The apparatus 1500 including the electronic device 100 may be used in embodiments of the electronic system of the present disclosure. As shown in fig. 17, a system 1700 is also disclosed and includes one or more of the electronic devices 100, 100' in accordance with embodiments of the present disclosure. Fig. 17 is a simplified block diagram of a system 1700 implemented according to one or more implementations described herein. The system 1700 may include, for example, a computer or computer hardware component, a server or other networked hardware component, a cellular telephone, a digital camera, a Personal Digital Assistant (PDA), a portable media (e.g., music) player, wi-Fi, or a cellular-enabled tablet computer, such as for example

Or

Tablet computers, electronic books, navigation devices, and the like. The system 1700 includes at least one memory device 1702 including the electronic device 100, 100' as previously described.

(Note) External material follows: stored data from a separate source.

(* Every reduced triangle in the hyperbolic plane $\mathbb{H}^2$ is a regular triangle (i.e., the only reduced hyperbolic triangles are the regular ones).
   Context: A convex body in $\mathbb{H}^2$ is a compact convex set with nonempty interior. For a line $H$ supporting a convex body $C$, $\mathrm{width}_H(C)$ is the distance between $H$ and a farthest line ultraparallel to $H$ supporting $C$; the thickness $\Delta(C)$ is the minimum of $\mathrm{width}_H(C)$ over supporting lines $H$. A convex body $R$ is reduced if $\Delta(Z)<\Delta(R)$ for every convex body $Z$ properly contained in $R$. A regular triangle is one with all three sides of equal length. *)

theory Defs
  imports "HOL-Analysis.Analysis"
begin

text \<open>The hyperbolic plane in the Beltrami--Klein model: the open unit disk of
the complex plane (viewed as the Euclidean plane). In this model hyperbolic
lines are the nonempty intersections of Euclidean lines with the disk, hyperbolic
geodesic segments are Euclidean segments, hence hyperbolic convexity is Euclidean
convexity, and the hyperbolic topology is the Euclidean one.\<close>

definition H2 :: "complex set" where
  "H2 = ball 0 1"

definition hdist :: "complex \<Rightarrow> complex \<Rightarrow> real" where
  "hdist p q = arcosh ((1 - inner p q) / sqrt ((1 - (norm p)\<^sup>2) * (1 - (norm q)\<^sup>2)))"

definition hsetdist :: "complex set \<Rightarrow> complex set \<Rightarrow> real" where
  "hsetdist A B = (INF p\<in>A. INF q\<in>B. hdist p q)"

definition hline :: "complex set \<Rightarrow> bool" where
  "hline L \<longleftrightarrow> (\<exists>a b. a \<in> H2 \<and> b \<in> H2 \<and> a \<noteq> b \<and> L = affine hull {a, b} \<inter> H2)"

text \<open>Two hyperbolic lines are ultraparallel iff they neither meet in the plane nor
at an ideal point, i.e. their chords have disjoint Euclidean closures.\<close>
definition ultraparallel :: "complex set \<Rightarrow> complex set \<Rightarrow> bool" where
  "ultraparallel L M \<longleftrightarrow> hline L \<and> hline M \<and> closure L \<inter> closure M = {}"

definition convex_body :: "complex set \<Rightarrow> bool" where
  "convex_body C \<longleftrightarrow> C \<subseteq> H2 \<and> compact C \<and> convex C \<and> interior C \<noteq> {}"

definition supporting :: "complex set \<Rightarrow> complex set \<Rightarrow> bool" where
  "supporting H C \<longleftrightarrow> hline H \<and> H \<inter> C \<noteq> {} \<and>
     (\<exists>u c. u \<noteq> 0 \<and> H = {x \<in> H2. inner u x = c} \<and> (\<forall>x\<in>C. inner u x \<le> c))"

definition hwidth :: "complex set \<Rightarrow> complex set \<Rightarrow> real" where
  "hwidth H C = (SUP H'\<in>{H'. supporting H' C \<and> ultraparallel H H'}. hsetdist H H')"

definition thickness :: "complex set \<Rightarrow> real" where
  "thickness C = (INF H\<in>{H. supporting H C}. hwidth H C)"

definition reduced :: "complex set \<Rightarrow> bool" where
  "reduced R \<longleftrightarrow> convex_body R \<and>
     (\<forall>Z. convex_body Z \<and> Z \<subset> R \<longrightarrow> thickness Z < thickness R)"

text \<open>Hyperbolic triangle with vertices a b c (geodesic convex hull = Euclidean
convex hull in the Klein model).\<close>
definition htriangle :: "complex \<Rightarrow> complex \<Rightarrow> complex \<Rightarrow> bool" where
  "htriangle a b c \<longleftrightarrow> a \<in> H2 \<and> b \<in> H2 \<and> c \<in> H2 \<and> \<not> collinear {a, b, c}"

definition regular_triangle :: "complex \<Rightarrow> complex \<Rightarrow> complex \<Rightarrow> bool" where
  "regular_triangle a b c \<longleftrightarrow> hdist a b = hdist b c \<and> hdist b c = hdist c a"

end

(*
  Lift the Klein disk to the hyperboloid of unit timelike vectors in Minkowski space.  Then
  cosh (hdist p q) = - <P, Q>, and a point X is at distance d from the line with spacelike
  normal n, where sinh^2 d = <X, n>^2 / <n, n>.

  The width of a triangle abc with respect to the line ab is at most the height from c, so its
  thickness is at most the height onto a longest side; sinh^2 of that height is
  det (A, B, C)^2 / (M^2 - 1), where M is the largest cosh of a side.  If the triangle is not
  regular, some side bc is shorter than a longest side.  Cut off the vertex a along the segment
  from A + eps B to A + eps C.  Every supporting line of the cut triangle passes through a
  vertex, and the normals of the supporting lines at a vertex form the cone spanned by the
  normals of the two edges there.  Hence finitely many inequalities between edge lines and
  vertices guarantee that some vertex is at least that height away from each supporting line.
  At eps = 0 these inequalities are strict (this is where bc being shorter is used), so they
  persist for small eps.  Then the thickness of the cut triangle is at least that of the
  triangle, which therefore is not reduced.
*)

theory Submission
  imports Defs
begin
(* Let $X \subset \mathbb P^3_k$ be a K3 quartic surface and $P$ a singular point of $X$. Choose coordinates with $P = [0:0:0:1]$ so that $X$ is given by $$ x_3^2 f_2(x_0,x_1,x_2) + x_3 f_3(x_0,x_1,x_2) + f_4(x_0,x_1,x_2) = 0,$$ with $f_i$ homogeneous of degree $i$ (the second, third and fourth Taylor coefficients of $X$ at $P$). Then at most $8$ lines contained in $X$ pass through $P$. Moreover, if more than $6$ lines of $X$ pass through $P$, then $f_2$ and $f_3$ have a common (nonconstant) factor; and if exactly $8$ lines of $X$ pass through $P$, then $f_2$ divides $f_3$.
   Context: $k$ is an algebraically closed field of characteristic $\neq 2,3$. A K3 quartic surface is a surface $X \subset \mathbb P^3_k$ of degree 4 whose only singularities are isolated rational double points; in particular $f_2 \not\equiv 0$ at any singular point. *)

theory Defs
  imports "HOL-Computational_Algebra.Polynomial"
begin

text \<open>Polynomials in x0,x1,x2 over k: nested univariate polynomials
  k[x2][x1][x0], i.e. type k poly poly poly (outer variable x0, middle x1,
  innermost x2).  Quartic forms in x0..x3: k[x2][x1][x0][x3],
  i.e. type k poly poly poly poly with outermost variable x3.\<close>

type_synonym 'k pol3 = "'k poly poly poly"
type_synonym 'k pol4 = "'k poly poly poly poly"
type_synonym 'k pt = "'k \<times> 'k \<times> 'k \<times> 'k"

definition mcoeff3 :: "'k::zero pol3 \<Rightarrow> nat \<Rightarrow> nat \<Rightarrow> nat \<Rightarrow> 'k" where
  "mcoeff3 p i j l = coeff (coeff (coeff p i) j) l"

definition homogeneous3 :: "nat \<Rightarrow> 'k::zero pol3 \<Rightarrow> bool" where
  "homogeneous3 d p \<longleftrightarrow> (\<forall>i j l. mcoeff3 p i j l \<noteq> 0 \<longrightarrow> i + j + l = d)"

definition eval3 :: "'k::comm_semiring_1 pol3 \<Rightarrow> 'k \<Rightarrow> 'k \<Rightarrow> 'k \<Rightarrow> 'k" where
  "eval3 p x0 x1 x2 = poly (poly (poly p [:[:x0:]:]) [:x1:]) x2"

definition eval4 :: "'k::comm_semiring_1 pol4 \<Rightarrow> 'k pt \<Rightarrow> 'k" where
  "eval4 F w = (case w of (x0, x1, x2, x3) \<Rightarrow> eval3 (poly F [:[:[:x3:]:]:]) x0 x1 x2)"

definition pdiff :: "nat \<Rightarrow> 'k::idom pol4 \<Rightarrow> 'k pol4" where
  "pdiff i F = (if i = 0 then map_poly pderiv F
     else if i = 1 then map_poly (map_poly pderiv) F
     else if i = 2 then map_poly (map_poly (map_poly pderiv)) F
     else pderiv F)"

text \<open>Singular points of X = V(F) \<subseteq> P^3, as nonzero representative vectors.\<close>
definition sing_vecs :: "'k::idom pol4 \<Rightarrow> 'k pt set" where
  "sing_vecs F = {w. w \<noteq> (0, 0, 0, 0) \<and> eval4 F w = 0 \<and> (\<forall>i\<le>3. eval4 (pdiff i F) w = 0)}"

definition smul :: "'k::times \<Rightarrow> 'k pt \<Rightarrow> 'k pt" where
  "smul c w = (case w of (a, b, d, e) \<Rightarrow> (c * a, c * b, c * d, c * e))"

text \<open>The singular locus of X consists of finitely many points of P^3
  (i.e. the singularities are isolated, X being a surface).\<close>
definition finite_sing :: "'k::idom pol4 \<Rightarrow> bool" where
  "finite_sing F \<longleftrightarrow> (\<exists>S. finite S \<and> (\<forall>w\<in>sing_vecs F. \<exists>s\<in>S. \<exists>c. w = smul c s))"

text \<open>A singular point is a double point: some second partial derivative
  does not vanish there (multiplicity exactly 2; char k \<noteq> 2).\<close>
definition double_point :: "'k::idom pol4 \<Rightarrow> 'k pt \<Rightarrow> bool" where
  "double_point F w \<longleftrightarrow> (\<exists>i\<le>3. \<exists>j\<le>3. eval4 (pdiff i (pdiff j F)) w \<noteq> 0)"

definition lin_comb :: "'k::idom \<Rightarrow> 'k pt \<Rightarrow> 'k \<Rightarrow> 'k pt \<Rightarrow> 'k pt" where
  "lin_comb s u t v = (case smul s u of (a0, a1, a2, a3) \<Rightarrow>
     (case smul t v of (b0, b1, b2, b3) \<Rightarrow> (a0 + b0, a1 + b1, a2 + b2, a3 + b3)))"

definition lin_indep2 :: "'k::idom pt \<Rightarrow> 'k pt \<Rightarrow> bool" where
  "lin_indep2 u v \<longleftrightarrow> (\<forall>s t. lin_comb s u t v = (0, 0, 0, 0) \<longrightarrow> s = 0 \<and> t = 0)"

text \<open>A line of P^3, represented by the 2-dimensional subspace of k^4 spanned by u, v.\<close>
definition span2 :: "'k::idom pt \<Rightarrow> 'k pt \<Rightarrow> 'k pt set" where
  "span2 u v = {lin_comb s u t v | s t. True}"

definition P0 :: "'k::idom pt" where "P0 = (0, 0, 0, 1)"

definition lines_through_P :: "'k::idom pol4 \<Rightarrow> 'k pt set set" where
  "lines_through_P F = {span2 P0 u | u. lin_indep2 P0 u \<and> (\<forall>w\<in>span2 P0 u. eval4 F w = 0)}"

definition quartic :: "'k::zero pol3 \<Rightarrow> 'k pol3 \<Rightarrow> 'k pol3 \<Rightarrow> 'k pol4" where
  "quartic f2 f3 f4 = [:f4, f3, f2:]"

end

theory Submission
  imports Defs
begin

text \<open>
  A line of \<open>X\<close> through \<open>P\<close> with direction \<open>x \<in> k\<^sup>3\<close> lies on \<open>X\<close> iff \<open>f2, f3, f4\<close> vanish at \<open>x\<close>.
  Since \<open>char k \<noteq> 2\<close>, the tangent cone \<open>f2 = 0\<close> is a pair of lines or a smooth conic, and a
  form of degree \<open>d\<close> vanishing at more than \<open>d e\<close> points of a rational curve of degree \<open>e\<close>
  contains the curve. On a line \<open>l = 0\<close> of the cone there are at most 3 directions unless
  \<open>l | f3\<close>, and at most 4: if also \<open>l | f4\<close>, then \<open>X\<close> is singular along
  \<open>l = q2 x3\<^sup>2 + q3 x3 + q4 = 0\<close>, contradicting isolated singularities. Likewise a smooth conic
  carries at most 6 directions unless \<open>f2 | f3\<close>, and at most 8. Adding up gives the theorem.
\<close>

section \<open>Polynomials in three variables\<close>

lemma infinite_UNIV_alg_closed: "infinite (UNIV :: 'k::alg_closed_field set)"
proof
  assume fin: "finite (UNIV :: 'k set)"
  define p :: "'k poly" where "p = (\<Prod>a\<in>UNIV. [:-a, 1:]) + 1"
  have "degree (\<Prod>a\<in>(UNIV::'k set). [:-a, 1:]) = card (UNIV::'k set)"
    by (simp add: degree_prod_eq_sum_degree fin)
  moreover have "card (UNIV::'k set) > 0" using fin by (simp add: finite_UNIV_card_ge_0)
  ultimately have "degree p > 0" unfolding p_def by (metis degree_add_eq_left degree_1)
  then obtain x where "poly p x = 0" using alg_closed_imp_poly_has_root by blast
  moreover have "poly (\<Prod>a\<in>(UNIV::'k set). [:-a, 1:]) x = 0"
    by (simp add: poly_prod fin)
  ultimately show False by (simp add: p_def)
qed

lemma poly_eq_0_if_cofinite_roots:
  fixes p :: "'k::alg_closed_field poly"
  assumes "finite A" and "\<And>x. x \<notin> A \<Longrightarrow> poly p x = 0"
  shows "p = 0"
proof (rule ccontr)
  assume "p \<noteq> 0"
  hence "finite ({x. poly p x = 0} \<union> A)" using poly_roots_finite assms(1) by blast
  moreover have "{x. poly p x = 0} \<union> A = UNIV" using assms(2) by auto
  ultimately show False using infinite_UNIV_alg_closed by metis
qed

lemma coeff_poly_const:
  fixes p :: "'a::comm_ring_1 poly poly"
  shows "coeff (poly p [:b:]) n = poly (map_poly (\<lambda>q. coeff q n) p) b"
  by (induction p) (simp_all add: map_poly_pCons)

definition eval2 :: "'k::comm_ring_1 poly poly \<Rightarrow> 'k \<Rightarrow> 'k \<Rightarrow> 'k" where
  "eval2 p b c = poly (poly p [:b:]) c"

lemma eval3_eq_eval2: "eval3 p a b c = eval2 (poly p [:[:a:]:]) b c"
  by (simp add: eval3_def eval2_def)

lemma eval3_at_0: "eval3 p 0 b c = eval2 (coeff p 0) b c"
  by (simp add: eval3_def eval2_def poly_0_coeff_0)

lemma eval3_linear_in_x0: "eval3 [:r0, r1:] a b c = eval2 r0 b c + a * eval2 r1 b c"
  by (simp add: eval3_def eval2_def)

The system 1700 may further include at least one processor 1704, such as a microprocessor, to control system functions and processing of requests in the system 1700. Processor device 1704 and other subcomponents of system 1700 may include a memory unit.

Various other devices may be coupled to the processor device 1704 depending on the functions performed by the system 1700. For example, an input device 1706 can be coupled to the processor device 1704 for inputting information into the system 1700 by a user, such as a mouse or other pointing device, buttons, switches, a keyboard, a touchpad, a light pen, a digitizer and stylus, a touch screen, a voice recognition system, a microphone, a control panel, or a combination thereof, for example. An output device 1708 for outputting information (e.g., visual or audio output) to a user may also be coupled to the processor device 1704. The output device 1708 may include an LCD display, an SED display, a CRT display, a DLP display, a plasma display, an OLED display, an LED display, a three-dimensional projector, an audio display, or a combination thereof. Output devices 1708 may also include a printer, audio output jack, speakers, and the like. In some embodiments, the input device 1706 and the output device 1708 may comprise a single touch screen device that can be used to both input information to the system 1700 and output visual information to a user. One or more input devices 1706 and output devices 1708 may be in electrical communication with at least one of the memory device 1702 and the processor device 1704. At least one memory device 1702 and a processor device 1704 may also be used in a system on a chip (SoC).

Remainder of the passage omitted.